У меня от возмущения щеки полыхают.
— А это что-то меняет? — вскидываю голову.
— Это меняет всё.
— Думай, что хочешь, мне плевать, — выдаю я. Возможно, во мне говорит отчаяние. Или я попросту сошла с ума. Но с Владимиром я совсем другая, нежели с отцом и братом. — И твои угрозы меня не пугают. — Я, конечно, нагло лгу, но он этого знать не может. — Мы с тобой начали с плохого. Когда меня перед фактом поставили о женитьбе. С учебы сорвали. Из привычного мира вырвали. Что в этом могло быть хорошего?! Я тебя ненавижу! Я хочу, чтобы тебя не было! Чтобы ты никогда не видел мои фотографии! Чтобы не договаривался с моим отцом. И да, Тарас уже предлагал мне бежать в день помолвки. Он был моим парнем четыре года и не смирился с тем, что меня просто пообещали другому. Мне кажется, его можно понять. Ты бы смирился?
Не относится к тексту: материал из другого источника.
lemma has_field_derivative_info_curve:
  assumes "0 < w" "w < 1" "w \<noteq> 1/2"
  shows "(info_curve has_field_derivative
            (if w < 1/2 then 1 else - 1) - bayes_risk_slope \<mu> p q w) (at w)"
proof (cases "w < 1/2")
  case True
  show ?thesis
  proof (rule has_field_derivative_transform_within_open[where S="{0<..<1/2}"])
    show "((\<lambda>v. v - bayes_risk \<mu> p q v) has_field_derivative
            (if w < 1/2 then 1 else - 1) - bayes_risk_slope \<mu> p q w) (at w)"
      using True assms by (auto intro!: derivative_eq_intros has_field_derivative_bayes_risk)
  qed (use True assms in \<open>auto simp: degroot_info_eq_bayes_risk\<close>)
next
  case False
  show ?thesis
  proof (rule has_field_derivative_transform_within_open[where S="{1/2<..<1}"])
    show "((\<lambda>v. (1 - v) - bayes_risk \<mu> p q v) has_field_derivative
            (if w < 1/2 then 1 else - 1) - bayes_risk_slope \<mu> p q w) (at w)"
      using False assms by (auto intro!: derivative_eq_intros has_field_derivative_bayes_risk)
  qed (use False assms in \<open>auto simp: degroot_info_eq_bayes_risk\<close>)
qed

lemma deriv_info_curve:
  "0 < w \<Longrightarrow> w < 1 \<Longrightarrow> w \<noteq> 1/2 \<Longrightarrow>
     deriv info_curve w = (if w < 1/2 then 1 else - 1) - bayes_risk_slope \<mu> p q w"
  by (rule DERIV_imp_deriv[OF has_field_derivative_info_curve])

lemma continuous_on_deriv_info_curve:
  "continuous_on ({0<..<1/2} \<union> {1/2<..<1}) (deriv info_curve)"
proof (rule continuous_on_open_Un)
  have "continuous_on {0<..<1/2} (\<lambda>w. 1 - bayes_risk_slope \<mu> p q w)"
    by (intro continuous_at_imp_continuous_on ballI continuous_intros isCont_bayes_risk_slope) auto
  then show "continuous_on {0<..<1/2} (deriv info_curve)"
    by (rule continuous_on_cong[THEN iffD1, rotated 2]) (auto simp: deriv_info_curve)
  have "continuous_on {1/2<..<1} (\<lambda>w. - 1 - bayes_risk_slope \<mu> p q w)"
    by (intro continuous_at_imp_continuous_on ballI continuous_intros isCont_bayes_risk_slope) auto
  then show "continuous_on {1/2<..<1} (deriv info_curve)"
    by (rule continuous_on_cong[THEN iffD1, rotated 2]) (auto simp: deriv_info_curve)
qed auto

lemma tendsto_bayes_risk_slope_half:
  "(bayes_risk_slope \<mu> p q \<longlongrightarrow> bayes_risk_slope \<mu> p q (1/2)) (at (1/2))"
  using isCont_bayes_risk_slope[of "1/2"] by (simp add: isCont_def)

lemma tendsto_deriv_info_curve_left:
  "(deriv info_curve \<longlongrightarrow> 1 - bayes_risk_slope \<mu> p q (1/2)) (at_left (1/2))"
proof (rule Lim_transform_eventually)
  show "((\<lambda>w. 1 - bayes_risk_slope \<mu> p q w) \<longlongrightarrow> 1 - bayes_risk_slope \<mu> p q (1/2)) (at_left (1/2))"
    using tendsto_bayes_risk_slope_half filterlim_at_split by (intro tendsto_intros) blast
  have "eventually (\<lambda>w. w \<in> {0<..<1/2}) (at_left (1/2::real))"
    by (rule eventually_at_left_real) simp
  then show "eventually (\<lambda>w. 1 - bayes_risk_slope \<mu> p q w = deriv info_curve w) (at_left (1/2))"
    by eventually_elim (simp add: deriv_info_curve)
qed

lemma tendsto_deriv_info_curve_right:
  "(deriv info_curve \<longlongrightarrow> - 1 - bayes_risk_slope \<mu> p q (1/2)) (at_right (1/2))"
proof (rule Lim_transform_eventually)
  show "((\<lambda>w. - 1 - bayes_risk_slope \<mu> p q w) \<longlongrightarrow> - 1 - bayes_risk_slope \<mu> p q (1/2)) (at_right (1/2))"
    using tendsto_bayes_risk_slope_half filterlim_at_split by (intro tendsto_intros) blast
  have "eventually (\<lambda>w. w \<in> {1/2<..<1}) (at_right (1/2::real))"
    by (rule eventually_at_right_real) simp
  then show "eventually (\<lambda>w. - 1 - bayes_risk_slope \<mu> p q w = deriv info_curve w) (at_right (1/2))"
    by eventually_elim (simp add: deriv_info_curve)
qed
— Твоя жизнь, судя по всему, до моего появления была прекрасна, — он делает взмах рукой, я вижу движение маячка сигареты. — Жить с выжившей из ума старухой, которая уже прочитала мне сегодня получасовую лекцию о том, что нужно держать тебя у ноги. Как собаку. Подвергаться оскорблениям и избиениям брата и отца. Спать с неудачником, который, блть, побег организовать не в состоянии в своем родном городе!
Он подходит ко мне, смотрит в глаза.
Я вижу тьму. Сплошная Черная дыра. Бездонная, мертвая. Позавчера я видела в его глазах тепло. Может, мне казалось? Разве я могла так фатально ошибаться?
— Тебя вернуть? — спрашивает вдруг Владимир спокойно.
— Что? — вздрагиваю я. Хочу сделать шаг назад, но почему-то не могу. Я снова будто загипнотизирована, намертво притянута к нему.
Владимир вспотел, его запаха критически много. Мужского, терпкого. Одновременно и знакомого, и чужого. Его тело всё еще излучает жар и агрессию. Дымарский пугает меня, но при этом я не могу отойти ни на шаг.
— Я спрашиваю, Анжелика, тебя отцу вернуть? Сейчас. Принуждать я тебя не собираюсь. Мне что делать прикажешь с твоим разбитым сердцем? Нахера мне в жизни это надо? Ты, получается, лгала мне всё это время. В ресторане, в клубе. В ЗАГСе клятву произносила, сама при этом ненавидела. Я усну — ты меня вдруг зарезать захочешь.
— Вернуть отцу? — переспрашиваю, вырвав главное из его речи. Мои глаза начинают бегать, к такому повороту я была не готова.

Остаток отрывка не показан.